From: Eugene Syromiatnikov <hidden>
Date: 2018-05-25 16:49:22
Also in: linux-doc, lkml

On Thu, May 24, 2018 at 04:34:51PM -0700, Alexei Starovoitov wrote:
On Thu, May 24, 2018 at 09:41:08AM +0200, Jesper Dangaard Brouer wrote:
quoted
On Wed, 23 May 2018 15:02:45 -0700
Alexei Starovoitov [off-list ref] wrote:
quoted
On Wed, May 23, 2018 at 02:18:19PM +0200, Eugene Syromiatnikov wrote:
quoted
Some BPF sysctl knobs affect the loading of BPF programs, and during
system boot/init stages these sysctls are not yet configured.

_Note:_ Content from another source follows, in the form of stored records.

(* Write D = 1 - t and N = N(t). Then D N = 1 - t^p acts as 0, and D is injective, so N acts
   as 0. As f - f(1) is divisible by D, f(t) x and f(1) x agree modulo D M; for f = N this
   gives p x \<in> D M.

   The central step is a lifting property of \<psi>: if \<psi>(f) = D z, then \<Sum> f_i(1) e_i lies in
   D M, so p divides every f_i(1) and f_i = D g_i + m_i N; hence \<psi>(f) = D \<psi>(g), and
   injectivity of D gives z = \<psi>(g). Iterating from \<psi>(f) = 0 puts each f_i in the ideal
   (N, D^k) for every k. Since D^(p-1) = N mod p (binomial (p-1) i = (-1)^i mod p), f_i lies
   in (N, p^k) for every k, and as N is monic the remainder of f_i modulo N is divisible by
   every p^k, hence zero.

   For the cokernel, the spanning property gives M = R + D^n M for every n, and D^(p-1) acts
   as p h(t) because N acts as 0, so M = R + p M. Conversely, if p y \<in> R then
   D^(p-1) y \<in> R, and p - 1 applications of the lifting property give y \<in> R. *)

lemma zsmult_0 [simp]: "zsmult 0 x = 0"
  by (simp add: zsmult_def)

lemma zsmult_succ: "zsmult (k + 1) x = zsmult k x + x"
proof (cases "k \<ge> 0")
  case True
  then have "nat (k + 1) = Suc (nat k)" by simp
  with True show ?thesis by (simp add: zsmult_def)
next
  case False
  then consider "k = -1" | "nat (-k) = Suc (nat (-(k + 1)))" by linarith
  then show ?thesis using False by cases (simp_all add: zsmult_def)
qed

lemma zsmult_pred: "zsmult (k - 1) x = zsmult k x - x"
  using zsmult_succ[of "k - 1" x] by simp

lemma zsmult_add_left: "zsmult (a + b) x = zsmult a x + zsmult b x"
proof (induction b rule: int_induct[where k = 0])
  case (step1 i)
  then show ?case using zsmult_succ[of "a + i" x] zsmult_succ[of i x] by (simp add: add.assoc)
next
  case (step2 i)
  then show ?case using zsmult_pred[of "a + i" x] zsmult_pred[of i x] by (simp add: diff_add_eq add_diff_eq)
qed simp

lemma zsmult_1 [simp]: "zsmult 1 x = x"
  using zsmult_succ[of 0 x] by simp

lemma zsmult_uminus: "zsmult (- a) x = - zsmult a x"
  using zsmult_add_left[of "- a" a x] by (simp add: eq_neg_iff_add_eq_0)

lemma zsmult_add_right: "zsmult k (x + y) = zsmult k x + zsmult k y"
  by (induction k rule: int_induct[where k = 0]) (simp_all add: zsmult_succ zsmult_pred algebra_simps)

lemma additive_zsmult_commute:
  assumes "additive h"
  shows "h (zsmult k x) = zsmult k (h x)"
proof -
  interpret additive h by fact
  show ?thesis
    by (induction k rule: int_induct[where k = 0]) (simp_all add: zsmult_succ zsmult_pred add diff zero)
qed

lemma zsmult_diff_left: "zsmult (a - b) x = zsmult a x - zsmult b x"
  using zsmult_add_left[of a "- b" x] by (simp add: zsmult_uminus)

lemma zsmult_zsmult: "zsmult a (zsmult b x) = zsmult (a * b) x"
  by (induction a rule: int_induct[where k = 0])
    (simp_all add: zsmult_add_left zsmult_diff_left distrib_right left_diff_distrib)

interpretation zsmult: module "zsmult :: int \<Rightarrow> 'a::ab_group_add \<Rightarrow> 'a"
  by standard (simp_all add: zsmult_add_left zsmult_add_right zsmult_zsmult)

lemma im1t_iff: "x \<in> im1t t \<longleftrightarrow> (\<exists>y. x = y - t y)"
  by (auto simp: im1t_def)

lemma poly_act_eq_sum_le:
  assumes "degree f \<le> n"
  shows "poly_act f t x = (\<Sum>k\<le>n. zsmult (coeff f k) ((t ^^ k) x))"
  unfolding poly_act_def
  by (rule sum.mono_neutral_left) (use assms in \<open>auto simp: coeff_eq_0\<close>)

lemma poly_act_0 [simp]: "poly_act 0 t x = 0"
  by (simp add: poly_act_def)

context
  fixes t :: "'a::ab_group_add \<Rightarrow> 'a"
  assumes additive_t: "additive t"
begin

interpretation t: additive t by (fact additive_t)

lemma poly_act_pCons: "poly_act (pCons a f) t x = zsmult a x + t (poly_act f t x)"
proof -
  have "poly_act (pCons a f) t x = (\<Sum>k\<le>Suc (degree f). zsmult (coeff (pCons a f) k) ((t ^^ k) x))"
    by (rule poly_act_eq_sum_le) (simp add: degree_pCons_le)
  also have "\<dots> = zsmult a x + (\<Sum>k\<le>degree f. zsmult (coeff f k) ((t ^^ Suc k) x))"
    by (subst sum.atMost_Suc_shift) simp
  also have "(\<Sum>k\<le>degree f. zsmult (coeff f k) ((t ^^ Suc k) x)) = t (poly_act f t x)"
    by (simp add: poly_act_def t.sum additive_zsmult_commute[OF additive_t])
  finally show ?thesis .
qed

lemma poly_act_add_right: "poly_act f t (x + y) = poly_act f t x + poly_act f t y"
  by (induction f) (simp_all add: poly_act_pCons zsmult.scale_right_distrib t.add algebra_simps)

lemma additive_poly_act: "additive (poly_act f t)"
  by standard (fact poly_act_add_right)

lemma poly_act_add_left: "poly_act (f + g) t x = poly_act f t x + poly_act g t x"
  by (induction f g rule: poly_induct2)
    (simp_all add: poly_act_pCons zsmult.scale_left_distrib t.add algebra_simps)

lemma poly_act_smult: "poly_act (smult c f) t x = zsmult c (poly_act f t x)"
  by (induction f)
    (simp_all add: poly_act_pCons zsmult.scale_right_distrib additive_zsmult_commute[OF additive_t])

lemma poly_act_mult: "poly_act (f * g) t x = poly_act f t (poly_act g t x)"
  by (induction f) (simp_all add: poly_act_pCons poly_act_add_left poly_act_smult)

lemma poly_act_const: "poly_act [:c:] t x = zsmult c x"
  by (simp add: poly_act_pCons t.zero)

lemma poly_act_commute: "poly_act f t (t x) = t (poly_act f t x)"
  by (induction f) (simp_all add: poly_act_pCons additive_zsmult_commute[OF additive_t] t.add t.zero)

lemma module_poly_act: "module (\<lambda>f. poly_act f t)"
  by standard
    (simp_all add: poly_act_add_right poly_act_add_left poly_act_mult poly_act_const one_pCons)

lemma poly_act_monom_1: "poly_act (monom 1 k) t x = (t ^^ k) x"
  by (induction k) (simp_all add: monom_Suc poly_act_pCons poly_act_const monom_0 t.zero)

lemma poly_act_Npoly: "poly_act (Npoly p) t x = (\<Sum>k<p. (t ^^ k) x)"
proof -
  interpret module "\<lambda>f. poly_act f t" by (fact module_poly_act)
  show ?thesis by (simp add: Npoly_def scale_sum_left poly_act_monom_1)
qed

lemma poly_act_one_minus_X: "poly_act [:1, -1:] t x = x - t x"
  by (simp add: poly_act_pCons t.zero t.minus)

lemma poly_act_minus_eval_1_in_im1t: "poly_act f t x - zsmult (poly f 1) x \<in> im1t t"
proof -
  have "poly (f - [:poly f 1:]) 1 = 0" by simp
  then obtain q where "f - [:poly f 1:] = [:-1, 1:] * q"
    unfolding poly_eq_0_iff_dvd by auto
  then have "f - [:poly f 1:] = [:1, -1:] * (- q)" by simp
  then have "poly_act f t x - zsmult (poly f 1) x = poly_act [:1, -1:] t (poly_act (- q) t x)"
    by (metis poly_act_add_left poly_act_const poly_act_mult diff_add_cancel add_diff_cancel_right')
  then show ?thesis by (auto simp: poly_act_one_minus_X im1t_iff)
qed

A concrete example is systemd, that has implemented loading of BPF
programs.

Thus, to allow controlling these setting at early boot, this patch set
adds the ability to change the default setting of these sysctl knobs
as well as option to override them via a boot-time kernel parameter
(in order to avoid rebuilding kernel each time a need of changing these
defaults arises).

The sysctl knobs in question are kernel.unprivileged_bpf_disable,
net.core.bpf_jit_harden, and net.core.bpf_jit_kallsyms.  

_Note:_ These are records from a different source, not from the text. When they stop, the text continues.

(* Let $L,n$ be positive integers and $B\in\mathcal M(L,n)$. Then for all $1\le i\le L-1$ and $1\le j\le n-1$, \[e_i^{\downarrow}(e_j^{\leftarrow}(B))=e_j^{\leftarrow}(e_i^{\downarrow}(B)).\]
   Context: $\mathcal M(L,n)$ is the set of tuples $B=(B_1,\dots,B_L)$ of subsets of $[n]$, viewed as $L\times n$ grids with rows $1..L$ bottom to top and columns $1..n$ left to right, a ball in $(r,j)$ iff $j\in B_r$. $\mathrm{cw}(B)$ scans columns left to right, each top to bottom, recording row numbers of balls. For a word $w$ and $i\ge1$, $\mathrm{Par}_i(w)$ writes "(" for each letter $i+1$ and ")" for each letter $i$, left to right, and iteratively matches a "(" with a ")" to its right when adjacent or separated only by matched parentheses. $e_i^\star(B)$ moves every ball of row $i+1$ whose letter in $\mathrm{cw}(B)$ is unmatched in $\mathrm{Par}_i(\mathrm{cw}(B))$ down to row $i$ in the same column. The rotation $\mathrm{rot}:\mathcal M(L,n)\to\mathcal M(n,L)$ is the $90^\circ$ counterclockwise rotation: the ball in cell $(r,c)$ (row $r$, column $c$) goes to cell $(c,L+1-r)$. Define $e_i^{\downarrow}=e_i^\star$ on $\mathcal M(L,n)$ and $e_j^{\leftarrow}=\mathrm{rot}^{-1}\circ e_j^\star\circ\mathrm{rot}$ (with $e_j^\star$ acting on $\mathcal M(n,L)$). *)

theory Defs
  imports Main
begin

text \<open>An element of M(L,n) is represented by its set of ball positions:
  a set of cells (r, c) with 1 \<le> r \<le> L (row) and 1 \<le> c \<le> n (column);
  (r, c) is a ball iff c \<in> B_r.\<close>

definition mats :: "nat \<Rightarrow> nat \<Rightarrow> (nat \<times> nat) set set" where
  "mats L n = {B. B \<subseteq> {1..L} \<times> {1..n}}"

text \<open>Column word, remembering the cell of each letter: columns left to right,
  each column top to bottom (rows L down to 1). The letter is the row (fst).\<close>

definition cw :: "nat \<Rightarrow> nat \<Rightarrow> (nat \<times> nat) set \<Rightarrow> (nat \<times> nat) list" where
  "cw L n B = concat (map (\<lambda>c. filter (\<lambda>x. x \<in> B) (map (\<lambda>r. (r, c)) (rev [1..<L+1]))) [1..<n+1])"

text \<open>Bracket matching for Par_i: letter i+1 is "(", letter i is ")".\<close>

fun par_scan :: "nat \<Rightarrow> nat list \<Rightarrow> nat \<Rightarrow> nat list \<Rightarrow> nat list" where
  "par_scan i [] k st = st"
| "par_scan i (x # w) k st =
     (if x = i + 1 then par_scan i w (Suc k) (k # st)
      else if x = i then par_scan i w (Suc k) (tl st)
      else par_scan i w (Suc k) st)"

definition unmatched_open :: "nat \<Rightarrow> nat list \<Rightarrow> nat set" where
  "unmatched_open i w = set (par_scan i w 0 [])"

definition e_star :: "nat \<Rightarrow> nat \<Rightarrow> nat \<Rightarrow> (nat \<times> nat) set \<Rightarrow> (nat \<times> nat) set" where
  "e_star L n i B =
     (let ws = cw L n B;
          U = (\<lambda>k. ws ! k) ` unmatched_open i (map fst ws)
      in (B - U) \<union> (\<lambda>(r, c). (i, c)) ` U)"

- systemd is root. today it only uses cgroup-bpf progs which require root,
  so disabling unpriv during boot time makes no difference to systemd.

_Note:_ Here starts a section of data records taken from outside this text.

text \<open>With h a bijection from \<kappa> onto \<kappa> - {a}, the 0-th entry of column \<alpha> moves to column h \<alpha>,
  which frees the 0-th entry of column a for the extra real coordinate.\<close>

definition absorb_coordinate :: "('k \<Rightarrow> 'k) \<Rightarrow> 'k \<Rightarrow> real \<times> ('k \<Rightarrow> nat \<Rightarrow> real) \<Rightarrow> 'k \<Rightarrow> nat \<Rightarrow> real" where
  "absorb_coordinate h a z \<alpha> = (snd z \<alpha>)(0 := if \<alpha> = a then fst z else snd z (inv h \<alpha>) 0)"

definition release_coordinate :: "('k \<Rightarrow> 'k) \<Rightarrow> 'k \<Rightarrow> ('k \<Rightarrow> nat \<Rightarrow> real) \<Rightarrow> real \<times> ('k \<Rightarrow> nat \<Rightarrow> real)" where
  "release_coordinate h a G = (G a 0, \<lambda>\<alpha>. (G \<alpha>)(0 := G (h \<alpha>) 0))"

lemma homeomorphic_maps_absorb_coordinate:
  assumes "F \<le> cofinite" and hotel: "bij_betw h UNIV (- {a})"
  shows "homeomorphic_maps (prod_topology euclideanreal (product_topology (\<lambda>_::'k. c0_topology F) UNIV))
           (product_topology (\<lambda>_. c0_topology F) UNIV) (absorb_coordinate h a) (release_coordinate h a)"
  unfolding homeomorphic_maps_def
proof (intro conjI ballI)
  let ?c0 = "product_topology (\<lambda>_::'k. c0_topology F) UNIV"
  have "continuous_map (prod_topology euclideanreal ?c0) euclideanreal (\<lambda>z. absorb_coordinate h a z \<alpha> n)"
    for \<alpha> n
    by (cases "n = 0"; cases "\<alpha> = a")
      (simp_all add: absorb_coordinate_def continuous_map_snd_c0_product_eval continuous_map_fst)
  then show "continuous_map (prod_topology euclideanreal ?c0) ?c0 (absorb_coordinate h a)"
    by (auto simp: continuous_map_componentwise_UNIV continuous_map_into_c0_topology topspace_c0_topology
        absorb_coordinate_def tendsto_fun_upd_cofinite[OF assms(1)])
  have "continuous_map ?c0 euclideanreal (\<lambda>G. ((G \<alpha>)(0 := G (h \<alpha>) 0)) n)" for \<alpha> n
    by (cases "n = 0") (simp_all add: continuous_map_c0_product_eval)
  then show "continuous_map ?c0 (prod_topology euclideanreal ?c0) (release_coordinate h a)"
    by (auto simp: continuous_map_pairwise o_def release_coordinate_def continuous_map_componentwise_UNIV
        continuous_map_into_c0_topology topspace_c0_topology tendsto_fun_upd_cofinite[OF assms(1)]
        continuous_map_c0_product_eval)
  have h_ne: "h \<alpha> \<noteq> a" and inv_h: "inv h (h \<alpha>) = \<alpha>" for \<alpha>
    using hotel by (auto simp: bij_betw_def)
  have h_inv: "h (inv h \<alpha>) = \<alpha>" if "\<alpha> \<noteq> a" for \<alpha>
    using hotel that by (auto simp: bij_betw_def f_inv_into_f)
  show "release_coordinate h a (absorb_coordinate h a z) = z" for z
    by (simp add: absorb_coordinate_def release_coordinate_def fun_eq_iff prod_eq_iff h_ne inv_h)
  show "absorb_coordinate h a (release_coordinate h a G) = G" for G
    by (simp add: absorb_coordinate_def release_coordinate_def fun_eq_iff h_inv)
qed

lemma infinite_UNIV_bij_betw_Compl_singleton:
  fixes a :: 'a
  assumes "infinite (UNIV :: 'a set)"
  shows "\<exists>h :: 'a \<Rightarrow> 'a. bij_betw h UNIV (- {a})"
proof -
  have "insert a (- {a}) \<approx> - {a}"
    using assms by (intro infinite_insert_eqpoll) auto
  moreover have "insert a (- {a}) = UNIV"
    by auto
  ultimately show ?thesis
    by (simp add: eqpoll_def)
qed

  what is the actual reason to present time?
systemd also runs a lot of code, some of which is unprivileged.
quoted
quoted
- say in the future systemd wants to use so_reuseport+bpf for faster
  networking. With unpriv disable during boot, it will force systemd
  to do such networking from root, which will lower its security barrier.
No, it will force systemd not to use SO_REUSEPORT BPF.
quoted
quoted
- bpf_jit_kallsyms sysctl has immediate effect on loaded programs.
  Flipping it during the boot or right after or any time after
  is the same thing. Why add such boot flag then?
Well, that one was for completeness.
quoted
quoted
- jit_harden can be turned on by systemd. so turning it during the boot
  will make systemd progs to be constant blinded.
  Constant blinding protects kernel from unprivileged JIT spraying.
  Are you worried that systemd will attack the kernel with JIT spraying?
I'm worried that systemd can be exploited for a JIT spraying attack.

Another thing I'm concerned with is that the generated code is different,
which introduces additional complication during debugging.
quoted
I think you are missing that, we want the ability to change these
defaults in-order to avoid depending on /etc/sysctl.conf settings, and
that the these sysctl.conf setting happen too late.
What does it mean 'happens too late' ?
Too late for what?
sysctl.conf has plenty of system critical knobs like
kernel.perf_event_paranoid, kernel.core_pattern, etc
The behavior of the host is drastically different after sysctl config
is applied.
quoted
For example with jit_harden, there will be a difference between the
loaded BPF program that got loaded at boot-time with systemd (no
constant blinding) and when someone reloads that systemd service after
/etc/sysctl.conf have been evaluated and setting bpf_jit_harden (now
slower due to constant blinding).   This is inconsistent behavior.
net.core.bpf_jit_harden can be flipped back and forth at run-time,
so bpf progs before and after will be either blinded or not.
I don't see any inconsistency.
That can't be the reason to maintain that inconsistency.